- Opening Delimiter -

(* A triple $(A_1,A_2,A_3)\in V_3$ is similar to an upper triangular $3$-matrix if and only if $\sigma_{12}=\sigma_{13}=\sigma_{23}=\Delta_{123}=0$.
   Context: $V_3=(M_{2\times2}(\mathbb{C}))^{\times 3}$ with $GL(2,\mathbb{C})$ acting by simultaneous conjugation; similar means same orbit; upper triangular $3$-matrix means all components upper triangular. With $t_j=\mathsf{tr}(A_j)$, $t_{jk}=\mathsf{tr}(A_jA_k)$, $t_{jkl}=\mathsf{tr}(A_jA_kA_l)$, define $\tau_{jk}=t_{jk}-\tfrac12t_jt_k$, $\sigma_{jk}=\tau_{jk}^2-\tau_{jj}\tau_{kk}$ and $\Delta_{jkl}=(t_{jkl}-t_{lkj})^2$. *)

theory Defs
  imports "HOL-Analysis.Analysis"
begin

type_synonym cmat2 = "complex^2^2"

definition upper_tri2 :: "cmat2 \<Rightarrow> bool" where
  "upper_tri2 M \<longleftrightarrow> M $ 2 $ 1 = 0"

definition similar3 :: "cmat2 \<times> cmat2 \<times> cmat2 \<Rightarrow> cmat2 \<times> cmat2 \<times> cmat2 \<Rightarrow> bool" where
  "similar3 A B \<longleftrightarrow> (\<exists>P::cmat2. invertible P \<and>
     fst B = P ** fst A ** matrix_inv P \<and>
     fst (snd B) = P ** fst (snd A) ** matrix_inv P \<and>
     snd (snd B) = P ** snd (snd A) ** matrix_inv P)"

definition upper_tri3 :: "cmat2 \<times> cmat2 \<times> cmat2 \<Rightarrow> bool" where
  "upper_tri3 B \<longleftrightarrow> upper_tri2 (fst B) \<and> upper_tri2 (fst (snd B)) \<and> upper_tri2 (snd (snd B))"

definition tau :: "cmat2 \<Rightarrow> cmat2 \<Rightarrow> complex" where
  "tau X Y = trace (X ** Y) - trace X * trace Y / 2"

definition sigma :: "cmat2 \<Rightarrow> cmat2 \<Rightarrow> complex" where
  "sigma X Y = (tau X Y)^2 - tau X X * tau Y Y"

definition Delta :: "cmat2 \<Rightarrow> cmat2 \<Rightarrow> cmat2 \<Rightarrow> complex" where
  "Delta X Y Z = (trace (X ** Y ** Z) - trace (Z ** Y ** X))^2"

end

theory Submission
  imports Defs
begin

text \<open>
  For \<open>v = (p, q)\<close> the binary quadratic form \<open>det (v, A v)\<close> vanishes at \<open>v \<noteq> 0\<close> exactly
  when \<open>v\<close> is an eigenvector of \<open>A\<close>; conjugating \<open>v\<close> to the first basis vector shows that a
  triple is similar to an upper triangular one iff its three forms have a common nontrivial
  zero. In the coefficients of these forms, \<open>\<sigma>\<^sub>j\<^sub>k\<close> is the resultant of the \<open>j\<close>-th and \<open>k\<close>-th
  form and \<open>\<Delta>\<^sub>1\<^sub>2\<^sub>3\<close> is the squared determinant of the three coefficient vectors. Over \<open>\<complex>\<close> a
  nonzero form splits into linear factors and the resultant is the product of the values of
  the other form at their zeros, so a vanishing resultant yields a common zero of two forms;
  linear dependence of the coefficient vectors then makes it a zero of the third.
\<close>

definition quad_form :: "complex \<Rightarrow> complex \<Rightarrow> complex \<Rightarrow> complex \<Rightarrow> complex \<Rightarrow> complex" where
  "quad_form a b c p q = a * p\<^sup>2 + b * p * q + c * q\<^sup>2"

definition quad_resultant ::
  "complex \<Rightarrow> complex \<Rightarrow> complex \<Rightarrow> complex \<Rightarrow> complex \<Rightarrow> complex \<Rightarrow> complex" where
  "quad_resultant a b c a' b' c' = (a * c' - c * a')\<^sup>2 - (a * b' - b * a') * (b * c' - c * b')"

lemma quad_form_factors:
  fixes a b c :: complex
  assumes "(a, b, c) \<noteq> (0, 0, 0)"
  obtains \<alpha> \<beta> \<gamma> \<delta> where "a = \<beta> * \<delta>" "b = - (\<beta> * \<gamma> + \<alpha> * \<delta>)" "c = \<alpha> * \<gamma>"
    "(\<alpha>, \<beta>) \<noteq> (0, 0)" "(\<gamma>, \<delta>) \<noteq> (0, 0)"
proof (cases "a = 0")
  case True
  then show ?thesis
    using assms by (intro that[where \<alpha> = "-1" and \<beta> = 0 and \<gamma> = "-c" and \<delta> = b]) auto
next
  case False
  define s where "s = csqrt (b\<^sup>2 - 4 * a * c)"
  have "s\<^sup>2 = b\<^sup>2 - 4 * a * c" unfolding s_def by simp
  then have "c = a * ((- b + s) / (2 * a)) * ((- b - s) / (2 * a))"
    using False by (simp add: field_simps power2_eq_square) algebra
  then show ?thesis
    using False by (intro that[where \<alpha> = "a * ((- b + s) / (2 * a))" and \<beta> = a
        and \<gamma> = "(- b - s) / (2 * a)" and \<delta> = 1])
      (auto simp: field_simps)
qed

lemma quad_form_nontrivial_zero: "\<exists>p q. (p, q) \<noteq> (0, 0) \<and> quad_form a b c p q = 0"
proof (cases "(a, b, c) = (0, 0, 0)")
  case True
  then show ?thesis by (auto simp: quad_form_def)
next
  case False
  then obtain \<alpha> \<beta> \<gamma> \<delta> where "a = \<beta> * \<delta>" "b = - (\<beta> * \<gamma> + \<alpha> * \<delta>)" "c = \<alpha> * \<gamma>"
    and "(\<alpha>, \<beta>) \<noteq> (0, 0)"
    by (rule quad_form_factors)
  moreover from this(1-3) have "quad_form a b c \<alpha> \<beta> = 0"
    unfolding quad_form_def by algebra
  ultimately show ?thesis by blast
qed

lemma quad_resultant_of_factors:
  "quad_resultant (\<beta> * \<delta>) (- (\<beta> * \<gamma> + \<alpha> * \<delta>)) (\<alpha> * \<gamma>) a' b' c' =
     quad_form a' b' c' \<alpha> \<beta> * quad_form a' b' c' \<gamma> \<delta>"
  unfolding quad_resultant_def quad_form_def by algebra

lemma quad_resultant_eq_0_imp_common_zero:
  assumes "quad_resultant a b c a' b' c' = 0"
  shows "\<exists>p q. (p, q) \<noteq> (0, 0) \<and> quad_form a b c p q = 0 \<and> quad_form a' b' c' p q = 0"
proof (cases "(a, b, c) = (0, 0, 0)")
  case True
  then show ?thesis using quad_form_nontrivial_zero[of a' b' c'] by (auto simp: quad_form_def)
next
  case False
  then obtain \<alpha> \<beta> \<gamma> \<delta> where f: "a = \<beta> * \<delta>" "b = - (\<beta> * \<gamma> + \<alpha> * \<delta>)" "c = \<alpha> * \<gamma>"
    and nz: "(\<alpha>, \<beta>) \<noteq> (0, 0)" "(\<gamma>, \<delta>) \<noteq> (0, 0)"
    by (rule quad_form_factors)
  have "quad_form a b c \<alpha> \<beta> = 0" "quad_form a b c \<gamma> \<delta> = 0"
    unfolding f quad_form_def by algebra+
  moreover have "quad_form a' b' c' \<alpha> \<beta> = 0 \<or> quad_form a' b' c' \<gamma> \<delta> = 0"
    using assms quad_resultant_of_factors unfolding f by simp
  ultimately show ?thesis using nz by blast
qed

lemma quad_form_eq_0_if_proportional:
  assumes "(a, b, c) \<noteq> (0, 0, 0)"
    and "a * b' = b * a'" "a * c' = c * a'" "b * c' = c * b'"
    and "quad_form a b c p q = 0"
  shows "quad_form a' b' c' p q = 0"
proof -
  have "a * quad_form a' b' c' p q = 0" "b * quad_form a' b' c' p q = 0"
    "c * quad_form a' b' c' p q = 0"
    using assms(2-5) unfolding quad_form_def by algebra+
  then show ?thesis using assms(1) by auto
qed

lemma quad_form_eq_0_if_dependent:
  assumes "(b1 * c2 - c1 * b2, c1 * a2 - a1 * c2, a1 * b2 - b1 * a2) \<noteq> (0, 0, 0)"
    and "a1 * (b2 * c3 - c2 * b3) - b1 * (a2 * c3 - c2 * a3) + c1 * (a2 * b3 - b2 * a3) = 0"
    and "quad_form a1 b1 c1 p q = 0" "quad_form a2 b2 c2 p q = 0"
  shows "quad_form a3 b3 c3 p q = 0"
proof -
  have "(b1 * c2 - c1 * b2) * quad_form a3 b3 c3 p q = 0"
    "(c1 * a2 - a1 * c2) * quad_form a3 b3 c3 p q = 0"
    "(a1 * b2 - b1 * a2) * quad_form a3 b3 c3 p q = 0"
    using assms(2-4) unfolding quad_form_def by algebra+
  then show ?thesis using assms(1) by auto
qed

lemma common_zero_of_three_quad_forms:
  assumes r12: "quad_resultant a1 b1 c1 a2 b2 c2 = 0"
    and r13: "quad_resultant a1 b1 c1 a3 b3 c3 = 0"
    and r23: "quad_resultant a2 b2 c2 a3 b3 c3 = 0"
    and det: "a1 * (b2 * c3 - c2 * b3) - b1 * (a2 * c3 - c2 * a3) + c1 * (a2 * b3 - b2 * a3) = 0"
  shows "\<exists>p q. (p, q) \<noteq> (0, 0) \<and> quad_form a1 b1 c1 p q = 0 \<and> quad_form a2 b2 c2 p q = 0
    \<and> quad_form a3 b3 c3 p q = 0"
proof (cases "(b1 * c2 - c1 * b2, c1 * a2 - a1 * c2, a1 * b2 - b1 * a2) = (0, 0, 0)")
  case False
  with quad_resultant_eq_0_imp_common_zero[OF r12] quad_form_eq_0_if_dependent[OF _ det]
  show ?thesis by blast
next
  case parallel: True
  show ?thesis
  proof (cases "(a1, b1, c1) = (0, 0, 0)")
    case True
    with quad_resultant_eq_0_imp_common_zero[OF r23] show ?thesis
      by (auto simp: quad_form_def)
  next
    case False
    have "a1 * b2 = b1 * a2" "a1 * c2 = c1 * a2" "b1 * c2 = c1 * b2"
      using parallel by auto
    with quad_resultant_eq_0_imp_common_zero[OF r13] quad_form_eq_0_if_proportional[OF False]
    show ?thesis by blast
  qed
qed

lemma matrix_mult_2_nth:
  "((M :: 'a::semiring_1^2^'m) ** (N :: 'a^'n^2)) $ i $ j = M$i$1 * N$1$j + M$i$2 * N$2$j"
  by (simp add: matrix_matrix_mult_def sum_2)

lemma trace_2: "trace (M :: 'a::semiring_1^2^2) = M$1$1 + M$2$2"
  by (simp add: trace_def sum_2)

lemma matrix_inv_left:
  assumes "invertible A"
  shows "matrix_inv A ** A = mat 1"
  using someI_ex[OF assms[unfolded invertible_def]] by (simp add: matrix_inv_def)

lemma matrix_inv_unique:
  fixes A :: "'a::semiring_1^'n^'m"
  assumes "A ** B = mat 1" "B ** A = mat 1"
  shows "invertible A" "matrix_inv A = B"
proof -
  show inv: "invertible A" using assms unfolding invertible_def by blast
  have "matrix_inv A = matrix_inv A ** (A ** B)" using assms(1) by simp
  also have "\<dots> = B" using matrix_inv_left[OF inv] by (metis matrix_mul_assoc matrix_mul_lid)
  finally show "matrix_inv A = B" .
qed

lemma trace_similar:
  fixes P :: "'a::comm_semiring_1^'n^'n"
  assumes "invertible P"
  shows "trace (P ** X ** matrix_inv P) = trace X"
proof -
  have "trace (P ** X ** matrix_inv P) = trace (matrix_inv P ** (P ** X))"
    by (rule trace_mul_sym)
  also have "\<dots> = trace X"
    using matrix_inv_left[OF assms] by (metis matrix_mul_assoc matrix_mul_lid)
  finally show ?thesis .
qed

lemma matrix_mult_similar:
  fixes P :: "'a::semiring_1^'n^'n"
  assumes "invertible P"
  shows "(P ** X ** matrix_inv P) ** (P ** Y ** matrix_inv P) = P ** (X ** Y) ** matrix_inv P"
proof -
  have "(P ** X ** matrix_inv P) ** (P ** Y ** matrix_inv P) =
      P ** X ** (matrix_inv P ** P) ** Y ** matrix_inv P"
    by (simp add: matrix_mul_assoc)
  also have "\<dots> = P ** (X ** Y) ** matrix_inv P"
    by (simp add: matrix_inv_left[OF assms] matrix_mul_assoc)
  finally show ?thesis .
qed

lemma sigma_similar:
  "invertible P \<Longrightarrow> sigma (P ** X ** matrix_inv P) (P ** Y ** matrix_inv P) = sigma X Y"
  by (simp add: sigma_def tau_def trace_similar matrix_mult_similar)

lemma Delta_similar:
  "invertible P \<Longrightarrow>
    Delta (P ** X ** matrix_inv P) (P ** Y ** matrix_inv P) (P ** Z ** matrix_inv P) = Delta X Y Z"
  by (simp add: Delta_def trace_similar matrix_mult_similar)

text \<open>\<open>eigen_form A p q = det (v, A v)\<close> for \<open>v = (p, q)\<close>.\<close>

definition eigen_form :: "cmat2 \<Rightarrow> complex \<Rightarrow> complex \<Rightarrow> complex" where
  "eigen_form A = quad_form (A$2$1) (A$2$2 - A$1$1) (- A$1$2)"

lemma sigma_eq_quad_resultant:
  "sigma A B = quad_resultant (A$2$1) (A$2$2 - A$1$1) (- A$1$2) (B$2$1) (B$2$2 - B$1$1) (- B$1$2)"
  unfolding sigma_def tau_def quad_resultant_def trace_2 matrix_mult_2_nth
  by (simp add: field_simps power2_eq_square)

lemma sigma_upper_tri2: "upper_tri2 A \<Longrightarrow> upper_tri2 B \<Longrightarrow> sigma A B = 0"
  by (simp add: upper_tri2_def sigma_eq_quad_resultant quad_resultant_def)

lemma Delta_upper_tri2:
  "upper_tri2 A \<Longrightarrow> upper_tri2 B \<Longrightarrow> upper_tri2 C \<Longrightarrow> Delta A B C = 0"
  unfolding upper_tri2_def Delta_def trace_2 matrix_mult_2_nth by algebra

lemma eigen_forms_common_zero:
  assumes "sigma A B = 0" "sigma A C = 0" "sigma B C = 0" "Delta A B C = 0"
  shows "\<exists>p q. (p, q) \<noteq> (0, 0) \<and>
    eigen_form A p q = 0 \<and> eigen_form B p q = 0 \<and> eigen_form C p q = 0"
  unfolding eigen_form_def
proof (rule common_zero_of_three_quad_forms)
  show "quad_resultant (A$2$1) (A$2$2 - A$1$1) (- A$1$2) (B$2$1) (B$2$2 - B$1$1) (- B$1$2) = 0"
    "quad_resultant (A$2$1) (A$2$2 - A$1$1) (- A$1$2) (C$2$1) (C$2$2 - C$1$1) (- C$1$2) = 0"
    "quad_resultant (B$2$1) (B$2$2 - B$1$1) (- B$1$2) (C$2$1) (C$2$2 - C$1$1) (- C$1$2) = 0"
    using assms(1-3) by (simp_all add: sigma_eq_quad_resultant)
  have "Delta A B C = (A$2$1 * ((B$2$2 - B$1$1) * - C$1$2 - - B$1$2 * (C$2$2 - C$1$1))
    - (A$2$2 - A$1$1) * (B$2$1 * - C$1$2 - - B$1$2 * C$2$1)
    + - A$1$2 * (B$2$1 * (C$2$2 - C$1$1) - (B$2$2 - B$1$1) * C$2$1))\<^sup>2"
    unfolding Delta_def trace_2 matrix_mult_2_nth by algebra
  then show "A$2$1 * ((B$2$2 - B$1$1) * - C$1$2 - - B$1$2 * (C$2$2 - C$1$1))
    - (A$2$2 - A$1$1) * (B$2$1 * - C$1$2 - - B$1$2 * C$2$1)
    + - A$1$2 * (B$2$1 * (C$2$2 - C$1$1) - (B$2$2 - B$1$1) * C$2$1) = 0"
    using assms(4) by simp
qed

lemma mult_cnj_add_mult_cnj_nonzero:
  fixes p q :: complex
  assumes "(p, q) \<noteq> (0, 0)"
  shows "p * cnj p + q * cnj q \<noteq> 0"
proof -
  have "p * cnj p + q * cnj q = complex_of_real ((cmod p)\<^sup>2 + (cmod q)\<^sup>2)"
    using complex_norm_square[of p] complex_norm_square[of q] by simp
  moreover have "(cmod p)\<^sup>2 + (cmod q)\<^sup>2 > 0"
    using assms by (auto simp: add_pos_nonneg add_nonneg_pos)
  ultimately show ?thesis by (metis of_real_eq_0_iff order_less_irrefl)
qed

lemma upper_tri2_similar_iff_eigen_form:
  assumes "(p, q) \<noteq> (0, 0)"
  obtains P where "invertible P"
    and "\<And>A. upper_tri2 (P ** A ** matrix_inv P) \<longleftrightarrow> eigen_form A p q = 0"
proof -
  define d where "d = p * cnj p + q * cnj q"
  have "d \<noteq> 0" unfolding d_def using assms by (rule mult_cnj_add_mult_cnj_nonzero)
  \<comment> \<open>\<open>Q\<close> has first column \<open>v = (p, q)\<close>; the second column makes \<open>det Q = d = |p|\<^sup>2 + |q|\<^sup>2\<close>.\<close>
  define Q :: cmat2 where "Q = vector [vector [p, - cnj q], vector [q, cnj p]]"
  define P :: cmat2 where "P = vector [vector [cnj p / d, cnj q / d], vector [- q / d, p / d]]"
  have "P ** Q = mat 1" "Q ** P = mat 1"
    using \<open>d \<noteq> 0\<close> unfolding P_def Q_def
    by (auto simp: vec_eq_iff forall_2 matrix_mult_2_nth mat_def field_simps)
      (simp_all add: d_def)
  then have "invertible P" "matrix_inv P = Q" by (rule matrix_inv_unique)+
  moreover have "(P ** A ** Q) $ 2 $ 1 = eigen_form A p q / d" for A
    using \<open>d \<noteq> 0\<close> unfolding P_def Q_def eigen_form_def quad_form_def
    by (simp add: matrix_mult_2_nth field_simps power2_eq_square)
  ultimately show ?thesis using \<open>d \<noteq> 0\<close> by (intro that) (auto simp: upper_tri2_def)
qed

theorem corollary2p11:
  fixes A1 A2 A3 :: cmat2
  shows "(\<exists>B. similar3 (A1, A2, A3) B \<and> upper_tri3 B) \<longleftrightarrow>
    (sigma A1 A2 = 0 \<and> sigma A1 A3 = 0 \<and> sigma A2 A3 = 0 \<and> Delta A1 A2 A3 = 0)"
proof
  assume "\<exists>B. similar3 (A1, A2, A3) B \<and> upper_tri3 B"
  then obtain P where "invertible P" and "upper_tri2 (P ** A1 ** matrix_inv P)"
    "upper_tri2 (P ** A2 ** matrix_inv P)" "upper_tri2 (P ** A3 ** matrix_inv P)"
    unfolding similar3_def upper_tri3_def by auto
  then show "sigma A1 A2 = 0 \<and> sigma A1 A3 = 0 \<and> sigma A2 A3 = 0 \<and> Delta A1 A2 A3 = 0"
    by (metis sigma_similar Delta_similar sigma_upper_tri2 Delta_upper_tri2)
next
  assume "sigma A1 A2 = 0 \<and> sigma A1 A3 = 0 \<and> sigma A2 A3 = 0 \<and> Delta A1 A2 A3 = 0"
  then obtain p q where "(p, q) \<noteq> (0, 0)"
    and "eigen_form A1 p q = 0" "eigen_form A2 p q = 0" "eigen_form A3 p q = 0"
    using eigen_forms_common_zero by blast
  moreover obtain P where "invertible P"
    and "\<And>A. upper_tri2 (P ** A ** matrix_inv P) \<longleftrightarrow> eigen_form A p q = 0"
    using upper_tri2_similar_iff_eigen_form[OF \<open>(p, q) \<noteq> (0, 0)\<close>] by blast
  ultimately show "\<exists>B. similar3 (A1, A2, A3) B \<and> upper_tri3 B"
    unfolding similar3_def upper_tri3_def
    by (intro exI[of _ "(P ** A1 ** matrix_inv P, P ** A2 ** matrix_inv P,
      P ** A3 ** matrix_inv P)"]) auto
qed

end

- Closing Delimiter -

ASSIGNMENT ▸ If a line in the material above contains "fixes", show that line.

EXERCISE OUTPUT ▸
  fixes a b c :: complex
  fixes A :: "'a::semiring_1^'n^'m"
  fixes P :: "'a::comm_semiring_1^'n^'n"
  fixes P :: "'a::semiring_1^'n^'n"
  fixes p q :: complex
  fixes A1 A2 A3 :: cmat2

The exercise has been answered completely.